具有大型数据集的 Redis 就绪探针答案

【问题标题】：Readiness Probe for Redis with large dataset具有大型数据集的 Redis 就绪探针
【发布时间】：2020-12-21 16:11:01
【问题描述】：

问题

我有一个 Redis K8s 部署，它链接到一个单独的服务，清单大大减少，如下所示（如果需要更多信息，请告诉我）：

apiVersion: apps/v1
kind: Deployment
spec:
  replicas: 2
  selector:
    matchLabels:
      app: cache
      environment: dev
  template:
    metadata:
      labels:
        app: cache
        environment: dev
    spec:
      containers:
        - name: cache
          image: marketplace.gcr.io/google/redis5
          imagePullPolicy: IfNotPresent
          livenessProbe:
            exec:
              command:
              - redis-cli
              - ping
            initialDelaySeconds: 30
            timeoutSeconds: 5
          readinessProbe:
            exec:
              command:
              - redis-cli
              - ping
            initialDelaySeconds: 30
            timeoutSeconds: 5
      volumes:
        - name: data
          nfs:
            server: "nfs-server.recs-api.svc.cluster.local"
            path: "/data"

我想定期使用新数据集重新部署 Redis，而不是更新现有缓存。
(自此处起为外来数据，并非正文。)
definition local_homeomorphism_map :: "'a topology \<Rightarrow> 'b topology \<Rightarrow> ('a \<Rightarrow> 'b) \<Rightarrow> bool" where
  "local_homeomorphism_map X Y f \<longleftrightarrow>
     continuous_map X Y f \<and>
     (\<forall>x\<in>topspace X. \<exists>V. openin X V \<and> x \<in> V \<and> openin Y (f ` V) \<and>
        homeomorphic_map (subtopology X V) (subtopology Y (f ` V)) f)"

definition groupoid :: "'g topology \<Rightarrow> 'g set \<Rightarrow> ('g \<Rightarrow> 'g) \<Rightarrow> ('g \<Rightarrow> 'g)
    \<Rightarrow> ('g \<Rightarrow> 'g \<Rightarrow> 'g) \<Rightarrow> ('g \<Rightarrow> 'g) \<Rightarrow> bool" where
  "groupoid T G0 r s m i \<longleftrightarrow>
     G0 \<subseteq> topspace T \<and>
     (\<forall>u\<in>G0. r u = u \<and> s u = u) \<and>
     (\<forall>g\<in>topspace T. r g \<in> G0 \<and> s g \<in> G0 \<and> i g \<in> topspace T \<and>
        r (i g) = s g \<and> s (i g) = r g \<and>
        m g (i g) = r g \<and> m (i g) g = s g \<and> m (r g) g = g \<and> m g (s g) = g) \<and>
     (\<forall>g\<in>topspace T. \<forall>h\<in>topspace T. s g = r h \<longrightarrow>
        m g h \<in> topspace T \<and> r (m g h) = r g \<and> s (m g h) = s h) \<and>
     (\<forall>g\<in>topspace T. \<forall>h\<in>topspace T. \<forall>k\<in>topspace T. s g = r h \<longrightarrow> s h = r k \<longrightarrow>
        m (m g h) k = m g (m h k))"

definition etale_groupoid :: "'g topology \<Rightarrow> 'g set \<Rightarrow> ('g \<Rightarrow> 'g) \<Rightarrow> ('g \<Rightarrow> 'g)
    \<Rightarrow> ('g \<Rightarrow> 'g \<Rightarrow> 'g) \<Rightarrow> ('g \<Rightarrow> 'g) \<Rightarrow> bool" where
  "etale_groupoid T G0 r s m i \<longleftrightarrow>
     groupoid T G0 r s m i \<and>
     local_homeomorphism_map T (subtopology T G0) r \<and>
     local_homeomorphism_map T (subtopology T G0) s \<and>
     continuous_map (subtopology (prod_topology T T) {(g, h). s g = r h}) T (\<lambda>(g, h). m g h) \<and>
     continuous_map T T i"

definition right_G_space :: "'g topology \<Rightarrow> 'g set \<Rightarrow> ('g \<Rightarrow> 'g) \<Rightarrow> ('g \<Rightarrow> 'g)
    \<Rightarrow> ('g \<Rightarrow> 'g \<Rightarrow> 'g) \<Rightarrow> 'a topology \<Rightarrow> ('a \<Rightarrow> 'g) \<Rightarrow> ('a \<Rightarrow> 'g \<Rightarrow> 'a) \<Rightarrow> bool" where
  "right_G_space T G0 r s m X sA act \<longleftrightarrow>
     continuous_map X (subtopology T G0) sA \<and>
     continuous_map (subtopology (prod_topology X T) {(x, g). sA x = r g}) X (\<lambda>(x, g). act x g) \<and>
     (\<forall>x\<in>topspace X. \<forall>g\<in>topspace T. sA x = r g \<longrightarrow> sA (act x g) = s g) \<and>
     (\<forall>x\<in>topspace X. \<forall>g\<in>topspace T. \<forall>h\<in>topspace T. sA x = r g \<longrightarrow> s g = r h \<longrightarrow>
        act (act x g) h = act x (m g h)) \<and>
     (\<forall>x\<in>topspace X. act x (sA x) = x)"

definition left_G_space :: "'g topology \<Rightarrow> 'g set \<Rightarrow> ('g \<Rightarrow> 'g) \<Rightarrow> ('g \<Rightarrow> 'g)
    \<Rightarrow> ('g \<Rightarrow> 'g \<Rightarrow> 'g) \<Rightarrow> 'b topology \<Rightarrow> ('b \<Rightarrow> 'g) \<Rightarrow> ('g \<Rightarrow> 'b \<Rightarrow> 'b) \<Rightarrow> bool" where
  "left_G_space T G0 r s m Y rB act \<longleftrightarrow>
     continuous_map Y (subtopology T G0) rB \<and>
     continuous_map (subtopology (prod_topology T Y) {(g, y). s g = rB y}) Y (\<lambda>(g, y). act g y) \<and>
     (\<forall>y\<in>topspace Y. \<forall>g\<in>topspace T. s g = rB y \<longrightarrow> rB (act g y) = r g) \<and>
     (\<forall>y\<in>topspace Y. \<forall>g\<in>topspace T. \<forall>h\<in>topspace T. s h = rB y \<longrightarrow> s g = r h \<longrightarrow>
        act g (act h y) = act (m g h) y) \<and>
     (\<forall>y\<in>topspace Y. act (rB y) y = y)"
在执行kubectl rollout restart deployment/cache 时，旧的 Redis pod 会在新的 Redis pod 准备好接受流量之前被终止。这些新的 Redis pod 被标记为 READY，并且如预期的那样旧的被终止，但是新的 Redis pod 上的 redis-cli ping 返回(error) LOADING Redis is loading the dataset in memory。目前，Redis 需要 5-10 分钟才能停止加载数据集并准备好接受连接，但此时它们已经准备好相同的时间，因为旧的 Pod 已经终止，所以将活动流量定向到它们。

我的怀疑是因为这个响应的状态码是 0，所以 readinessProbe 触发 READY 1/1 并杀死旧的 pod，但是我找不到合适的 exec: command: 来避免这个问题.

redis-cli info 有一个loading:0|1 行，所以我测试了：

readinessProbe:
  exec:
    command: ["redis-cli", "info", "|", "grep loading:", "|", "grep 0"]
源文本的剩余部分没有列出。